Justin Trudeau opens door to a Toronto handgun ban, putting Conservatives in the line of fire
Liberal leader's campaign promise puts the ball in the Ontario government's court to ban handguns
Justin Trudeau opened the door to a ban on handguns in Toronto with an announcement on Friday, but the province would have to sign on to make it a reality — and the government of Premier Doug Ford does not seem poised to join the effort to implement one.
On Friday, following days of damage-control sparked by the emergence of a 2001 yearbook photo of Trudeau dressed in brownface at an Arabian Nights-themed gala, the Liberal leader switched gears and focused on the battle to curb rising gun violence in Canada's largest city and across the country.
In an announcement in Toronto's Greektown — where the memory of the deadly Danforth shooting spree is still fresh —Trudeau promised that if re-elected, a Liberal government would enact a national ban on semi-automatic assault weapons and work with provinces to enable handgun bans at the municipal level.
"Based on what we've heard from today's announcement, I believe Mr.
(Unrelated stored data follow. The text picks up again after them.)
(* In the qubit setting of the context, the optimal value of (AD) is $F_e=\frac12+\frac12\sqrt{1-\big(\sin(2\alpha)\cos(2n\alpha)\big)^2}.$
   Context: Fix an integer $n\ge1$ and real $\alpha$ with $0<\alpha<\pi/(4n)$. On $\mathbb{C}^2$ with computational basis $\{|0\rangle,|1\rangle\}$ let $|+\rangle=(|0\rangle+|1\rangle)/\sqrt2$, $U_0=e^{i\alpha}|0\rangle\langle0|+e^{-i\alpha}|1\rangle\langle1|$, $U_1=e^{-i\alpha}|0\rangle\langle0|+e^{i\alpha}|1\rangle\langle1|$, $|\psi^*_{n,i}\rangle=(U_i^* )^n|+\rangle$ (complex conjugation in the computational basis). For $A=\sum_{ij}A_{ij}|i\rangle\langle j|$ set $|A\rangle\!\rangle:=\sum_{ij}A_{ij}|j\rangle|i\rangle$. Systems $\mathcal H_0$ (memory), $\mathcal H_1$ (input), $\mathcal H_2$ (output) are copies of $\mathbb{C}^2$. The Choi operator of a linear map $\mathcal R:L(\mathcal H_0\otimes\mathcal H_1)\to L(\mathcal H_2)$ is $R=(\mathcal I\otimes\mathcal R)(|I\rangle\!\rangle\langle\!\langle I|)$. Let $D=\frac18\sum_{i=0,1}|\psi^*_{n,i}\rangle\langle\psi^*_{n,i}|\otimes|U_i\rangle\!\rangle\langle\!\langle U_i|$. Problem (AD): maximize $\mathrm{Tr}[RD]$ over $R\ge0$ with $\mathrm{Tr}_2R=I$. For a retrieval channel $\mathcal R$ with memory states $|\psi_{n,i}\rangle=U_i^n|+\rangle$, $\mathrm{Tr}[RD]$ equals the average over $i=0,1$ of the process fidelity $\frac14\langle\!\langle U_i|X_i|U_i\rangle\!\rangle$, where $X_i$ is the Choi operator of $\xi\mapsto\mathcal R(|\psi_{n,i}\rangle\langle\psi_{n,i}|\otimes\xi)$. *)

theory Defs
  imports Complex_Main "HOL-Library.Complex_Order"
begin

text \<open>Qubit operators are functions nat => nat => complex, meaningful on
indices below 2. Operators on H0 (x) H1 (x) H2 are functions nat => nat => complex,
meaningful on indices below 8, where the basis vector |a0>|a1>|a2> has index
4*a0 + 2*a1 + a2 (H0 most significant). Vectors on H1 (x) H2 use index 2*a1 + a2.\<close>

definition mmult2 :: "(nat \<Rightarrow> nat \<Rightarrow> complex) \<Rightarrow> (nat \<Rightarrow> nat \<Rightarrow> complex) \<Rightarrow> nat \<Rightarrow> nat \<Rightarrow> complex" where
  "mmult2 A B = (\<lambda>a b. \<Sum>k<2. A a k * B k b)"

definition id2 :: "nat \<Rightarrow> nat \<Rightarrow> complex" where
  "id2 = (\<lambda>a b. if a = b then 1 else 0)"

fun mpow2 :: "(nat \<Rightarrow> nat \<Rightarrow> complex) \<Rightarrow> nat \<Rightarrow> nat \<Rightarrow> nat \<Rightarrow> complex" where
  "mpow2 A 0 = id2"
| "mpow2 A (Suc m) = mmult2 A (mpow2 A m)"

definition conj_mat :: "(nat \<Rightarrow> nat \<Rightarrow> complex) \<Rightarrow> nat \<Rightarrow> nat \<Rightarrow> complex" where
  "conj_mat A = (\<lambda>a b. cnj (A a b))"

definition Uop :: "real \<Rightarrow> nat \<Rightarrow> nat \<Rightarrow> nat \<Rightarrow> complex" where
  "Uop \<alpha> i = (\<lambda>a b. if a = b then
      (if (a = 0) = (i = 0) then exp (\<i> * of_real \<alpha>) else exp (- \<i> * of_real \<alpha>)) else 0)"

definition plus_state :: "nat \<Rightarrow> complex" where
  "plus_state = (\<lambda>b. of_real (1 / sqrt 2))"

definition psi_star :: "real \<Rightarrow> nat \<Rightarrow> nat \<Rightarrow> nat \<Rightarrow> complex" where
  "psi_star \<alpha> n i = (\<lambda>a. \<Sum>b<2. mpow2 (conj_mat (Uop \<alpha> i)) n a b * plus_state b)"

text \<open>|A>> = sum_{ij} A_ij |j>|i>; the component at |j>|i> (index 2*j+i) is A_ij.\<close>
definition vecop :: "(nat \<Rightarrow> nat \<Rightarrow> complex) \<Rightarrow> nat \<Rightarrow> complex" where
  "vecop A = (\<lambda>k. A (k mod 2) (k div 2))"

text \<open>D = 1/8 sum_i |psi*_{n,i}><psi*_{n,i}| (x) |U_i>><<U_i|.\<close>
definition Dop :: "real \<Rightarrow> nat \<Rightarrow> nat \<Rightarrow> nat \<Rightarrow> complex" where
  "Dop \<alpha> n = (\<lambda>r c. (1/8) * (\<Sum>i<2.
      psi_star \<alpha> n i (r div 4) * cnj (psi_star \<alpha> n i (c div 4)) *
      vecop (Uop \<alpha> i) (r mod 4) * cnj (vecop (Uop \<alpha> i) (c mod 4))))"

text \<open>Positive semidefinite 8x8 operator (complex order: 0 <= z iff z real and nonnegative).\<close>
definition psd8 :: "(nat \<Rightarrow> nat \<Rightarrow> complex) \<Rightarrow> bool" where
  "psd8 R \<longleftrightarrow> (\<forall>v :: nat \<Rightarrow> complex. 0 \<le> (\<Sum>i<8. \<Sum>j<8. cnj (v i) * R i j * v j))"

definition ptrace2 :: "(nat \<Rightarrow> nat \<Rightarrow> complex) \<Rightarrow> nat \<Rightarrow> nat \<Rightarrow> complex" where
  "ptrace2 R = (\<lambda>x y. \<Sum>k<2. R (2*x + k) (2*y + k))"

definition AD_feasible :: "(nat \<Rightarrow> nat \<Rightarrow> complex) \<Rightarrow> bool" where
  "AD_feasible R \<longleftrightarrow> psd8 R \<and> (\<forall>x<4. \<forall>y<4. ptrace2 R x y = (if x = y then 1 else 0))"

definition tr8 :: "(nat \<Rightarrow> nat \<Rightarrow> complex) \<Rightarrow> (nat \<Rightarrow> nat \<Rightarrow> complex) \<Rightarrow> complex" where
  "tr8 R D = (\<Sum>i<8. \<Sum>j<8. R i j * D j i)"

end

theory Submission imports Defs begin

text \<open>(AD) is a semidefinite program, and both bounds come from explicit certificates.
The operator D is real: it is supported on the four basis vectors 000, 011, 100, 111, where its
entries are cos(t_r - t_c)/8 for suitable phases t_r, and these cosines are polynomials in
a = cos 2\<alpha>, b = sin 2n\<alpha> sin 2\<alpha> and P = cos 2n\<alpha>. Put S = sqrt(a^2 + b^2), which is the
square root in the claimed value.
A rank-two Choi operator |u1\<rangle>\<langle>u1| + |u2\<rangle>\<langle>u2| is feasible and attains (1 + S)/2.
Conversely Y \<otimes> I, with Y block diagonal in the parity of H1 and Tr Y = (1 + S)/2, exceeds D by
a sum of positive Gram operators of pairs of real vectors; hence for every feasible R,
Tr[R D] \<le> Tr[R (Y \<otimes> I)] = Tr[Y Tr_2 R] = Tr Y.
The hypothesis \<alpha> < \<pi>/(4n) is only needed to make sin 2\<alpha> < 1, i.e. S > 0.\<close>

section \<open>Pairing positive operators with Gram operators\<close>

definition cmat :: "(nat \<Rightarrow> nat \<Rightarrow> real) \<Rightarrow> nat \<Rightarrow> nat \<Rightarrow> complex" where
  "cmat M = (\<lambda>i j. complex_of_real (M i j))"

definition sesq8 :: "(nat \<Rightarrow> nat \<Rightarrow> complex) \<Rightarrow> (nat \<Rightarrow> complex) \<Rightarrow> (nat \<Rightarrow> complex) \<Rightarrow> complex" where
  "sesq8 R x y = (\<Sum>i<8. \<Sum>j<8. cnj (x i) * R i j * y j)"

definition gram2 :: "real \<Rightarrow> real \<Rightarrow> real \<Rightarrow> (nat \<Rightarrow> real) \<Rightarrow> (nat \<Rightarrow> real) \<Rightarrow> nat \<Rightarrow> nat \<Rightarrow> real" where
  "gram2 g11 g12 g22 x y =
     (\<lambda>i j. g11 * (x i * x j) + g12 * (x i * y j + y i * x j) + g22 * (y i * y j))"

lemma tr8_cong: "(\<And>i j. i < 8 \<Longrightarrow> j < 8 \<Longrightarrow> M i j = N i j) \<Longrightarrow> tr8 R M = tr8 R N"
  unfolding tr8_def by (intro sum.cong refl) auto

lemma tr8_cmat_add: "tr8 R (cmat (\<lambda>i j. M i j + N i j)) = tr8 R (cmat M) + tr8 R (cmat N)"
  unfolding tr8_def cmat_def by (simp add: sum.distrib distrib_left)

lemma sesq8_scaleR_add_left:
  "sesq8 R (\<lambda>i. of_real a * x i + of_real b * y i) z = of_real a * sesq8 R x z + of_real b * sesq8 R y z"
  unfolding sesq8_def by (simp add: algebra_simps sum.distrib sum_distrib_left)

lemma sesq8_scaleR_add_right:
  "sesq8 R z (\<lambda>i. of_real a * x i + of_real b * y i) = of_real a * sesq8 R z x + of_real b * sesq8 R z y"
  unfolding sesq8_def by (simp add: algebra_simps sum.distrib sum_distrib_left)

lemma psd8_sesq8_nonneg: "psd8 R \<Longrightarrow> 0 \<le> Re (sesq8 R v v)"
  unfolding psd8_def sesq8_def by (simp add: less_eq_complex_def)

lemma tr8_gram2:
  "tr8 R (cmat (gram2 g11 g12 g22 x y)) =
     of_real g11 * sesq8 R (of_real \<circ> x) (of_real \<circ> x)
   + of_real g12 * (sesq8 R (of_real \<circ> y) (of_real \<circ> x) + sesq8 R (of_real \<circ> x) (of_real \<circ> y))
   + of_real g22 * sesq8 R (of_real \<circ> y) (of_real \<circ> y)"
  unfolding tr8_def sesq8_def cmat_def gram2_def
  by (simp add: algebra_simps sum.distrib sum_distrib_left)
Trudeau, his ministers — including minister Bill Blair, with whom I've discussed this matter many times — have listened to our calls for more gun control and they have put forward a response," Mayor John Tory told reporters Friday.
Handgun ban efficacy 'has not been demonstrated': province
"This is a step towards tighter gun control," Tory said.
Danielle Kane was one of 13 people wounded in the Danforth rampage on July 22, 2018. Two people — Reese Fallon, 18, and 10-year-old Julianna Kozis — were killed. Kane reacted to the announcement Friday, saying handguns such as the one that left her paralyzed should also be prohibited.
"I think anything less than what he is proposing is simply not acceptable because no one should have to live through what I'm living through right now: the pain, the misery, the burden, no one should," said Kane, who spent 11 days in a medically induced coma and two months in hospital learning to live as a paraplegic.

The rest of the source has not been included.